Jisoo Kim Department of Statistics, Seoul National University

Statistical Estimation of Topological Data Analysis and Its Applications to Machine Learning


This presentation introduces the fundamental concepts of Topological Data Analysis (TDA) and methods for applying TDA to machine learning. Broadly speaking, TDA is a methodology for extracting and analyzing topological features from data. Its primary technique is Persistent Homology, which observes data across multiple scales and identifies persistent topological structures.

TDA not only conveys scientific information about data but also provides additional features useful for learning tasks, and has been shown to be particularly effective in machine learning.

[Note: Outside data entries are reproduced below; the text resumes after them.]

(* Let $(f_n)_{n\ge0}$ be non-negative functions on $[0,T]$ with $M_0=\sup_{t\in[0,T]}f_0(t)<\infty$ and $M_1=\sup_{t\in[0,T]}f_1(t)<\infty$, and let $M=M_0+M_1$. Assume that for every $n\ge2$ and $t\in[0,T]$, $$f_n(t)\le\int_0^t\big(f_{n-1}(s)+f_{n-2}(s)\big)g(t-s)\,ds,$$ where $g:[0,T]\to\mathbb{R}_+$ is integrable. Then there exists a sequence $(a_n)$ of positive numbers with $\sum_{n\ge0}a_n^{1/p}<\infty$ for every $p>0$ and $\sup_{t\in[0,T]}f_n(t)\le Ma_n$ for all $n\ge0$. In particular $\sum_{n\ge0}\sup_{t\in[0,T]}f_n(t)^{1/p}<\infty$ for every $p>0$. *)

theory Defs
  imports "HOL-Analysis.Analysis"
begin

end

theory Submission
  imports Defs
begin

text \<open>Weighting by \<open>exp (- l * u)\<close> with \<open>l\<close> large makes the kernel \<open>g\<close> as small as we like in
  \<open>L\<^sup>1\<close>, while the factor \<open>exp (l * t)\<close> it costs is bounded on \<open>[0,T]\<close>. In the weighted norm
  \<open>sup\<^sub>t exp (- l * t) * f\<^sub>n t\<close> the recursion then reads \<open>x\<^sub>n \<le> \<epsilon> (x\<^sub>n\<^sub>-\<^sub>1 + x\<^sub>n\<^sub>-\<^sub>2)\<close>
  with \<open>\<epsilon> \<le> 1/8\<close>, which forces \<open>x\<^sub>n \<le> 2 M 2\<^sup>-\<^sup>n\<close>; geometric sequences stay summable under
  every power \<open>1/p\<close>.\<close>

lemma has_integral_reverse_Icc:
  fixes \<phi> :: "real \<Rightarrow> real"
  assumes "(\<phi> has_integral I) {0..t}"
  shows "((\<lambda>s. \<phi> (t - s)) has_integral I) {0..t}"
proof -
  have "((\<lambda>x. \<phi> (-x)) has_integral I) {-t..-0}"
    using assms has_integral_reflect_real[of \<phi> I 0 t] by blast
  then have "(((\<lambda>x. \<phi> (-x)) \<circ> ((+) (-t))) has_integral I) {0..t}"
    using has_integral_shift_Icc_real[of "\<lambda>x. \<phi> (-x)" "-t" I 0 t] by simp
  then show ?thesis by (simp add: o_def)
qed

lemma integrable_continuous_mult_nonneg:
  fixes h g :: "real \<Rightarrow> real"
  assumes h: "continuous_on {a..b} h"
    and g_nonneg: "\<And>u. u \<in> {a..b} \<Longrightarrow> 0 \<le> g u"
    and g_int: "g integrable_on {a..b}"
  shows "(\<lambda>u. h u * g u) integrable_on {a..b}"
proof -
  have "(\<lambda>u. h u * g u) absolutely_integrable_on {a..b}"
  proof (rule absolutely_integrable_bounded_measurable_product_real)
    show "h \<in> borel_measurable (lebesgue_on {a..b})"
      by (rule continuous_imp_measurable_on_sets_lebesgue[OF h]) simp
    show "bounded (h ` {a..b})"
      using h compact_continuous_image compact_imp_bounded by blast
    show "g absolutely_integrable_on {a..b}"
      using nonnegative_absolutely_integrable_1 g_int g_nonneg by blast
  qed simp
  then show ?thesis using set_lebesgue_integral_eq_integral(1) by blast
qed

lemma integrable_exp_weight:
  fixes g :: "real \<Rightarrow> real"
  assumes "\<And>u. u \<in> {a..b} \<Longrightarrow> 0 \<le> g u" and "g integrable_on {a..b}"
  shows "(\<lambda>u. exp (- l * u) * g u) integrable_on {a..b}"
  by (rule integrable_continuous_mult_nonneg[OF _ assms]) (intro continuous_intros)
lemma schur_compl_cell_sum:
  assumes d: "d = u^3 - 3*u/16 - (h + inverse h)/64" "d \<noteq> 0"
    and u: "u = of_real (1 - lam)"
  shows "schur_compl (Suc n) \<omega> lam x y = lap_shift (Suc n) \<omega> lam x y
     - (\<Sum>p\<in>SG_cells n. \<Sum>z\<in>mid_vertices p. \<Sum>w\<in>mid_vertices p.
          lap_shift (Suc n) \<omega> lam x z * local_block_inv \<omega> u d z w * lap_shift (Suc n) \<omega> lam w y)"
proof -
  let ?I = "SG_V (Suc n) - SG_Vold (Suc n)" and ?M = "lap_shift (Suc n) \<omega> lam"
  have "finite ?I" by (simp add: new_vertices_Suc finite_SG_cells mid_vertices_def)
  then have inv: "mat_inv_on ?I ?M z w = new_vertices_inv \<omega> u d z w" if "z \<in> ?I" "w \<in> ?I" for z w
    by (rule mat_inv_on_eqI[OF _ inverse_on_new_vertices[OF d u] that])
  have "(\<Sum>z\<in>?I. \<Sum>w\<in>?I. ?M x z * mat_inv_on ?I ?M z w * ?M w y)
      = (\<Sum>z\<in>?I. \<Sum>w\<in>?I. ?M x z * new_vertices_inv \<omega> u d z w * ?M w y)"
    by (intro sum.cong refl) (simp add: inv)
  also have "\<dots> = (\<Sum>p\<in>SG_cells n. \<Sum>z\<in>mid_vertices p. \<Sum>q\<in>SG_cells n. \<Sum>w\<in>mid_vertices q.
      ?M x z * new_vertices_inv \<omega> u d z w * ?M w y)"
    by (simp only: sum_new_vertices)
  also have "\<dots> = (\<Sum>p\<in>SG_cells n. \<Sum>z\<in>mid_vertices p. \<Sum>w\<in>mid_vertices p.
      ?M x z * local_block_inv \<omega> u d z w * ?M w y)"
  proof (rule sum.cong[OF refl], rule sum.cong[OF refl])
    fix p z assume "p \<in> SG_cells n" "z \<in> mid_vertices p"
    then have "parent z = p" by (simp add: parent_mid_vertices)
    then have "(\<Sum>w\<in>mid_vertices q. ?M x z * new_vertices_inv \<omega> u d z w * ?M w y)
        = (if q = p then \<Sum>w\<in>mid_vertices p. ?M x z * local_block_inv \<omega> u d z w * ?M w y else 0)"
      for q
      using parent_mid_vertices[of _ q] by (simp add: new_vertices_inv_def cong: sum.cong)
    then show "(\<Sum>q\<in>SG_cells n. \<Sum>w\<in>mid_vertices q. ?M x z * new_vertices_inv \<omega> u d z w * ?M w y)
        = (\<Sum>w\<in>mid_vertices p. ?M x z * local_block_inv \<omega> u d z w * ?M w y)"
      using \<open>p \<in> SG_cells n\<close> by (simp add: finite_SG_cells)
  qed
  finally show ?thesis by (simp only: schur_compl_eq)
qed

lemma cell_schur_sum:
  assumes p: "p \<in> SG_cells n" and "d \<noteq> 0"
  shows "(\<Sum>z\<in>mid_vertices p. \<Sum>w\<in>mid_vertices p.
      lap_shift (Suc n) \<omega> lam (emb a) z * local_block_inv \<omega> u d z w * lap_shift (Suc n) \<omega> lam w (emb b))
    = (if a \<in> cell_vertices p \<and> b \<in> cell_vertices p
       then - lap_weight n a / 4 * cell_schur_term \<omega> u d g h a b else 0)"
proof (cases "a \<in> cell_vertices p \<and> b \<in> cell_vertices p")
  case True
  have "(\<Sum>z\<in>mid_vertices p. \<Sum>w\<in>mid_vertices p.
      lap_shift (Suc n) \<omega> lam (emb a) z * local_block_inv \<omega> u d z w * lap_shift (Suc n) \<omega> lam w (emb b))
    = (\<Sum>z\<in>mid_vertices p. \<Sum>w\<in>mid_vertices p. - lap_weight n a / 4 *
        ((if lattice_nbr (emb a) z then \<omega> (emb a) z else 0) * local_block_inv \<omega> u d z w
         * (if lattice_nbr w (emb b) then \<omega> w (emb b) else 0)))"
    using True by (intro sum.cong refl) (simp add: lap_shift_emb_mid_vertex[OF p])
  also have "\<dots> = - lap_weight n a / 4 * (\<Sum>z\<in>mid_vertices p. \<Sum>w\<in>mid_vertices p.
        (if lattice_nbr (emb a) z then \<omega> (emb a) z else 0) * local_block_inv \<omega> u d z w
        * (if lattice_nbr w (emb b) then \<omega> w (emb b) else 0))"
    by (simp only: sum_distrib_left)
  also have "\<dots> = - lap_weight n a / 4 * cell_schur_term \<omega> u d g h a b"
    using local_schur_sum[OF p \<open>d \<noteq> 0\<close>] True by simp
  finally show ?thesis using True by simp
next
  case False
  then show ?thesis by (auto simp: lap_shift_emb_mid_vertex[OF p] intro!: sum.neutral)
qed

lemma schur_compl_emb:
  assumes d: "d = u^3 - 3*u/16 - (h + inverse h)/64" "d \<noteq> 0"
    and u: "u = of_real (1 - lam)"
    and a: "a \<in> SG_V n" and b: "b \<in> SG_V n"
  shows "schur_compl (Suc n) \<omega> lam (emb a) (emb b) =
    (if a = b then u - A_gh u g h / (64 * d)
     else if SG_adj n a b then lap_weight n a / 4 * cell_schur_term \<omega> u d g h a b else 0)"
proof -
  let ?C = "{p \<in> SG_cells n. a \<in> cell_vertices p \<and> b \<in> cell_vertices p}"
  have "schur_compl (Suc n) \<omega> lam (emb a) (emb b) = lap_shift (Suc n) \<omega> lam (emb a) (emb b)
      - (\<Sum>p\<in>SG_cells n. if a \<in> cell_vertices p \<and> b \<in> cell_vertices p
                          then - lap_weight n a / 4 * cell_schur_term \<omega> u d g h a b else 0)"
    using cell_schur_sum[OF _ d(2)] by (simp add: schur_compl_cell_sum[OF d u])
  also have "\<dots> = lap_shift (Suc n) \<omega> lam (emb a) (emb b)
      + of_nat (card ?C) * lap_weight n a / 4 * cell_schur_term \<omega> u d g h a b"
    by (simp add: sum.If_cases finite_SG_cells Int_def)
  finally have schur: "schur_compl (Suc n) \<omega> lam (emb a) (emb b) = \<dots>" .
  show ?thesis
  proof (cases "a = b")
    case True
    then show ?thesis
      using card_cells_containing[OF a] unfolding schur
      by (simp add: lap_shift_def mag_lap_def lap_weight_def cell_schur_term_def u field_simps)
  next
    case False
    then show ?thesis
      using card_cells_containing_edge[OF False, of n] emb_not_adjacent[OF False] unfolding schur
      by (simp add: lap_shift_def mag_lap_def emb_eq_iff)
  qed
qed

end

section \<open>Trigonometric form\<close>

lemma of_real_cos_exp:
  "complex_of_real (cos (2*pi*x))
     = (exp (2 * of_real pi * \<i> * of_real x) + inverse (exp (2 * of_real pi * \<i> * of_real x))) / 2"
proof -
  have "complex_of_real (cos (2*pi*x)) = cos (complex_of_real (2*pi*x))" by (simp only: cos_of_real)
  also have "\<dots> = (exp (\<i> * complex_of_real (2*pi*x)) + exp (- (\<i> * complex_of_real (2*pi*x)))) / 2"
    by (rule cos_exp_eq)
  also have "\<i> * complex_of_real (2*pi*x) = 2 * of_real pi * \<i> * of_real x" by (simp add: algebra_simps)
  finally show ?thesis by (simp add: exp_minus)
qed

context
  fixes \<alpha> \<beta> lam :: real and u g h :: complex
  defines "u \<equiv> of_real (1 - lam)"
    and "g \<equiv> exp (2 * of_real pi * \<i> * of_real \<alpha>)" and "h \<equiv> exp (2 * of_real pi * \<i> * of_real \<beta>)"
begin

lemma exp_2pi_identities:
  "exp (- 2 * of_real pi * \<i> * of_real \<alpha>) = inverse g"
  "exp (- 2 * of_real pi * \<i> * of_real (2*\<alpha> + \<beta>)) = inverse (g^2 * h)"
  "exp (- 4 * of_real pi * \<i> * of_real \<alpha>) = inverse (g^2)"
  "exp (- 2 * of_real pi * \<i> * of_real (\<alpha> + \<beta>)) = inverse (g * h)"
  "exp (2 * of_real pi * \<i> * of_real (\<alpha> + \<beta>)) = g * h"
  "cnj g = inverse g" "cnj h = inverse h"
proof -
  let ?a = "2 * of_real pi * \<i> * (of_real \<alpha> :: complex)"
  let ?b = "2 * of_real pi * \<i> * (of_real \<beta> :: complex)"
  have "- 2 * of_real pi * \<i> * of_real \<alpha> = - ?a"
    "- 2 * of_real pi * \<i> * of_real (2*\<alpha> + \<beta>) = - (?a + ?a + ?b)"
    "- 4 * of_real pi * \<i> * of_real \<alpha> = - (?a + ?a)"
    "- 2 * of_real pi * \<i> * of_real (\<alpha> + \<beta>) = - (?a + ?b)"
    "2 * of_real pi * \<i> * of_real (\<alpha> + \<beta>) = ?a + ?b"
    by (simp_all add: algebra_simps)
  then show "exp (- 2 * of_real pi * \<i> * of_real \<alpha>) = inverse g"
    "exp (- 2 * of_real pi * \<i> * of_real (2*\<alpha> + \<beta>)) = inverse (g^2 * h)"
    "exp (- 4 * of_real pi * \<i> * of_real \<alpha>) = inverse (g^2)"
    "exp (- 2 * of_real pi * \<i> * of_real (\<alpha> + \<beta>)) = inverse (g * h)"
    "exp (2 * of_real pi * \<i> * of_real (\<alpha> + \<beta>)) = g * h"
    unfolding g_def h_def by (simp_all only: exp_minus exp_add) (simp_all add: power2_eq_square)
  show "cnj g = inverse g" "cnj h = inverse h"
    unfolding g_def h_def by (simp_all add: exp_cnj exp_minus[symmetric])
qed

lemma D_fun_eq: "complex_of_real (D_fun \<beta> lam) = u^3 - 3*u/16 - (h + inverse h)/64"
proof -
  have "complex_of_real (D_fun \<beta> lam) = - (of_real lam ^ 3) + 3 * of_real lam ^ 2
      - 45/16 * of_real lam + 13/16 - 1/32 * complex_of_real (cos (2*pi*\<beta>))"
    by (simp add: D_fun_def)
  also have "complex_of_real (cos (2*pi*\<beta>)) = (h + inverse h)/2"
    unfolding h_def by (rule of_real_cos_exp)
  finally show ?thesis
    by (simp add: u_def field_simps power3_eq_cube power2_eq_square)
qed

lemma A_fun_eq: "complex_of_real (A_fun \<alpha> \<beta> lam) = A_gh u g h"
proof -
  have "complex_of_real (A_fun \<alpha> \<beta> lam) = 16 * of_real lam ^ 2
      - (32 + 4 * complex_of_real (cos (2*pi*\<alpha>))) * of_real lam + 15
      + 4 * complex_of_real (cos (2*pi*\<alpha>)) + complex_of_real (cos (2*pi*(\<alpha> + \<beta>)))"
    by (simp add: A_fun_def)
  also have "complex_of_real (cos (2*pi*\<alpha>)) = (g + inverse g)/2"
    unfolding g_def by (rule of_real_cos_exp)
  also have "complex_of_real (cos (2*pi*(\<alpha> + \<beta>))) = (g*h + inverse (g*h))/2"
    unfolding exp_2pi_identities(5)[symmetric] by (rule of_real_cos_exp)
  also have "16 * of_real lam ^ 2 - (32 + 4 * ((g + inverse g)/2)) * of_real lam + 15
      + 4 * ((g + inverse g)/2) + (g*h + inverse (g*h))/2 = A_gh u g h"
    by (simp add: A_gh_def u_def field_simps power2_eq_square)
  finally show ?thesis .
qed
(* Fix $r\in(1,\infty)$ and a $w$-moderate weight $m$, assume $RC_K:f\mapsto f*K$ is well-defined and bounded on $L_{r,m}(G)$, and assume there is a continuous $W:G\to\mathbb C$ with $W*K=K$ and $\check M^\rho_QW\in L_{1,w}(G)\cap L_{1,w\Delta^{-1}}(G)$ for some compact unit neighbourhood $Q$. Let $X=(x_i)_{i\in I}$ be relatively separated and $(m_X)_i=m(x_i)$. Then: (i) if $U$ is a compact unit neighbourhood and $\Psi=(\psi_i)_{i\in I}$ is a $U$-BUPU with localizing family $X$, the analysis operator $L_{r,m}(G)\to\ell_{r,m_X}(I)$, $f\mapsto(\langle f,\psi_i\rangle_{L_2})_{i\in I}$, is well-defined and bounded; (ii) the synthesis operator $\ell_{r,m_X}(I)\to L_{r,m}(G)$, $(c_i)\mapsto\sum_{i\in I}c_i\,\lambda(x_i)W$, is well-defined and bounded, the defining series converging absolutely almost everywhere.
   Context: Setting. $G$ is a locally compact, second countable group with left Haar measure, identity $e$, modular function $\Delta$; $(f*g)(x)=\int_G f(y)g(y^{-1}x)\,dy$, $\lambda(x)f(y)=f(x^{-1}y)$, $\langle f,g\rangle_{L_2}=\int_Gf\overline g$. $w:G\to(0,\infty)$ continuous with $w(xy)\le w(x)w(y)$, $w(x)=w(x^{-1})$; $L_{p,v}(G)$: measurable $f$ with $\|vf\|_{L_p}<\infty$; $\ell_{r,\theta}(I)=\{c:(\theta_ic_i)\in\ell_r(I)\}$. A continuous $m$ is $w$-moderate if $m(xy)\le w(x)m(y)$ and $m(xy)\le m(x)w(y)$. $K(x)=\langle u,\pi(x)u\rangle_{\mathcal H}$ is the reproducing kernel of a strongly continuous unitary representation on a separable Hilbert space with $u$ such that $v\mapsto\langle v,\pi(\cdot)u\rangle$ is an isometry into $L_2(G)$; standing assumption $K\in L_{p,w}(G)$ for all $p\in(1,\infty)$. $\check M^\rho_QW(x)=\|W\|_{L_\infty(Qx)}$. Relatively separated: for every compact unit neighbourhood $Q'$ there is $N$ with $\sum_i\chi_{x_iQ'}\le N$ on $G$. $U$-BUPU with localizing family $X$: measurable $\psi_i:G\to[0,1]$, $X$ relatively separated, $\psi_i\equiv0$ off $x_iU$, $\sum_i\psi_i\equiv1$. *)

theory Defs
  imports "HOL-Analysis.Analysis" "HOL-Probability.Essential_Supremum"
begin

text \<open>The group G is a type 'g of class group_add (non-commutative groups,
 written additively: x + y is the group product, -x the inverse, 0 the identity).\<close>

definition lc_haar_group ::
  "'g::{group_add,t2_space,second_countable_topology} measure \<Rightarrow> ('g \<Rightarrow> real) \<Rightarrow> bool" where
  "lc_haar_group \<mu> \<Delta> \<longleftrightarrow>
     continuous_on UNIV (\<lambda>p::'g \<times> 'g. fst p + snd p) \<and>
     continuous_on UNIV (uminus :: 'g \<Rightarrow> 'g) \<and>
     locally_compact_space (euclidean :: 'g topology) \<and>
     sets \<mu> = sets borel \<and>
     (\<forall>A \<in> sets borel. \<forall>x. emeasure \<mu> ((\<lambda>y. x + y) ` A) = emeasure \<mu> A) \<and>
     (\<forall>C. compact C \<longrightarrow> emeasure \<mu> C < \<infinity>) \<and>
     (\<forall>V. open V \<and> V \<noteq> {} \<longrightarrow> emeasure \<mu> V > 0) \<and>
     (\<forall>x. \<Delta> x > 0) \<and>
     (\<forall>A \<in> sets borel. \<forall>x. emeasure \<mu> ((\<lambda>y. y + x) ` A) = ennreal (\<Delta> x) * emeasure \<mu> A)"

definition hnorm :: "('h \<Rightarrow> 'h \<Rightarrow> complex) \<Rightarrow> 'h \<Rightarrow> real" where
  "hnorm ip v = sqrt (Re (ip v v))"

definition hilbert_space :: "(complex \<Rightarrow> 'h::ab_group_add \<Rightarrow> 'h) \<Rightarrow> ('h \<Rightarrow> 'h \<Rightarrow> complex) \<Rightarrow> bool" where
  "hilbert_space smul ip \<longleftrightarrow>
     (\<forall>a b v. smul a (smul b v) = smul (a * b) v) \<and> (\<forall>v. smul 1 v = v) \<and>
     (\<forall>a v w. smul a (v + w) = smul a v + smul a w) \<and>
     (\<forall>a b v. smul (a + b) v = smul a v + smul b v) \<and>
     (\<forall>u v w. ip (u + v) w = ip u w + ip v w) \<and>
     (\<forall>a v w. ip (smul a v) w = a * ip v w) \<and>
     (\<forall>v w. ip w v = cnj (ip v w)) \<and>
     (\<forall>v. 0 \<le> Re (ip v v)) \<and> (\<forall>v. ip v v = 0 \<longrightarrow> v = 0) \<and>
     (\<forall>s :: nat \<Rightarrow> 'h. (\<forall>\<epsilon>>0. \<exists>N. \<forall>j\<ge>N. \<forall>k\<ge>N. hnorm ip (s j - s k) < \<epsilon>) \<longrightarrow>
         (\<exists>l. \<forall>\<epsilon>>0. \<exists>N. \<forall>n\<ge>N. hnorm ip (s n - l) < \<epsilon>)) \<and>
     (\<exists>D. countable D \<and> (\<forall>v \<epsilon>. \<epsilon> > 0 \<longrightarrow> (\<exists>d\<in>D. hnorm ip (v - d) < \<epsilon>)))"

definition unitary_rep ::
  "(complex \<Rightarrow> 'h::ab_group_add \<Rightarrow> 'h) \<Rightarrow> ('h \<Rightarrow> 'h \<Rightarrow> complex) \<Rightarrow>
   ('g::{group_add,topological_space} \<Rightarrow> 'h \<Rightarrow> 'h) \<Rightarrow> bool" where
  "unitary_rep smul ip \<pi> \<longleftrightarrow>
     (\<forall>x a v w. \<pi> x (smul a v + w) = smul a (\<pi> x v) + \<pi> x w) \<and>
     (\<forall>x v w. ip (\<pi> x v) (\<pi> x w) = ip v w) \<and>
     (\<forall>x. surj (\<pi> x)) \<and>
     (\<forall>x y. \<pi> (x + y) = \<pi> x \<circ> \<pi> y) \<and> (\<forall>v. \<pi> 0 v = v) \<and>
     (\<forall>v x0 \<epsilon>. \<epsilon> > 0 \<longrightarrow>
        (\<exists>N. open N \<and> x0 \<in> N \<and> (\<forall>x\<in>N. hnorm ip (\<pi> x v - \<pi> x0 v) < \<epsilon>)))"

definition admissible ::
  "'g measure \<Rightarrow> ('h \<Rightarrow> 'h \<Rightarrow> complex) \<Rightarrow> ('g \<Rightarrow> 'h \<Rightarrow> 'h) \<Rightarrow> 'h \<Rightarrow> bool" where
  "admissible \<mu> ip \<pi> u \<longleftrightarrow>
     (\<forall>v. (\<lambda>x. ip v (\<pi> x u)) \<in> borel_measurable \<mu> \<and>
          integrable \<mu> (\<lambda>x. (cmod (ip v (\<pi> x u)))\<^sup>2) \<and>
          (\<integral>x. (cmod (ip v (\<pi> x u)))\<^sup>2 \<partial>\<mu>) = (hnorm ip v)\<^sup>2)"

text \<open>Weighted Lebesgue spaces (functions, not classes) and their norms.\<close>
definition Lpv :: "'g measure \<Rightarrow> real \<Rightarrow> ('g \<Rightarrow> real) \<Rightarrow> ('g \<Rightarrow> complex) set" where
  "Lpv \<mu> p v = {f. f \<in> borel_measurable \<mu> \<and> integrable \<mu> (\<lambda>x. (v x * cmod (f x)) powr p)}"

definition Lpv_norm :: "'g measure \<Rightarrow> real \<Rightarrow> ('g \<Rightarrow> real) \<Rightarrow> ('g \<Rightarrow> complex) \<Rightarrow> real" where
  "Lpv_norm \<mu> p v f = (\<integral>x. (v x * cmod (f x)) powr p \<partial>\<mu>) powr (1 / p)"

definition ell_space :: "'i set \<Rightarrow> real \<Rightarrow> ('i \<Rightarrow> real) \<Rightarrow> ('i \<Rightarrow> complex) set" where
  "ell_space I r \<theta> = {c. (\<lambda>i. (\<theta> i * cmod (c i)) powr r) summable_on I}"

definition ell_norm :: "'i set \<Rightarrow> real \<Rightarrow> ('i \<Rightarrow> real) \<Rightarrow> ('i \<Rightarrow> complex) \<Rightarrow> real" where
  "ell_norm I r \<theta> c = (\<Sum>\<^sub>\<infinity>i\<in>I. (\<theta> i * cmod (c i)) powr r) powr (1 / r)"

definition conv :: "'g::group_add measure \<Rightarrow> ('g \<Rightarrow> complex) \<Rightarrow> ('g \<Rightarrow> complex) \<Rightarrow> 'g \<Rightarrow> complex" where
  "conv \<mu> f g x = (\<integral>y. f y * g (- y + x) \<partial>\<mu>)"

definition conv_bounded :: "'g::group_add measure \<Rightarrow> real \<Rightarrow> ('g \<Rightarrow> real) \<Rightarrow> ('g \<Rightarrow> complex) \<Rightarrow> bool" where
  "conv_bounded \<mu> r m K \<longleftrightarrow>
     (\<forall>f \<in> Lpv \<mu> r m. (AE x in \<mu>. integrable \<mu> (\<lambda>y. f y * K (- y + x))) \<and>
                     conv \<mu> f K \<in> Lpv \<mu> r m) \<and>
     (\<exists>C. \<forall>f \<in> Lpv \<mu> r m. Lpv_norm \<mu> r m (conv \<mu> f K) \<le> C * Lpv_norm \<mu> r m f)"

definition sym_submult_weight :: "('g::{group_add,topological_space} \<Rightarrow> real) \<Rightarrow> bool" where
  "sym_submult_weight w \<longleftrightarrow> continuous_on UNIV w \<and> (\<forall>x. w x > 0) \<and>
     (\<forall>x y. w (x + y) \<le> w x * w y) \<and> (\<forall>x. w x = w (- x))"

The first part of the talk will focus on the statistical estimation of TDA. Because of randomness in data distributions, TDA outputs can include errors, which can be quantified statistically. After introducing the concept of persistent homology, the talk will discuss methods to quantify uncertainty due to data randomness via confidence sets, and approaches to selecting meaningful topological features. The second part of the talk will present two approaches to applying TDA in machine learning.

  1. Featurization: Transforming complex mathematical structures in persistent homology into Euclidean vectors or functions for use in machine learning.

  2. Evaluation: Using topological features to evaluate the quality of data or models.

    Through real-world case studies, the presentation will highlight the potential of TDA in advancing machine learning research.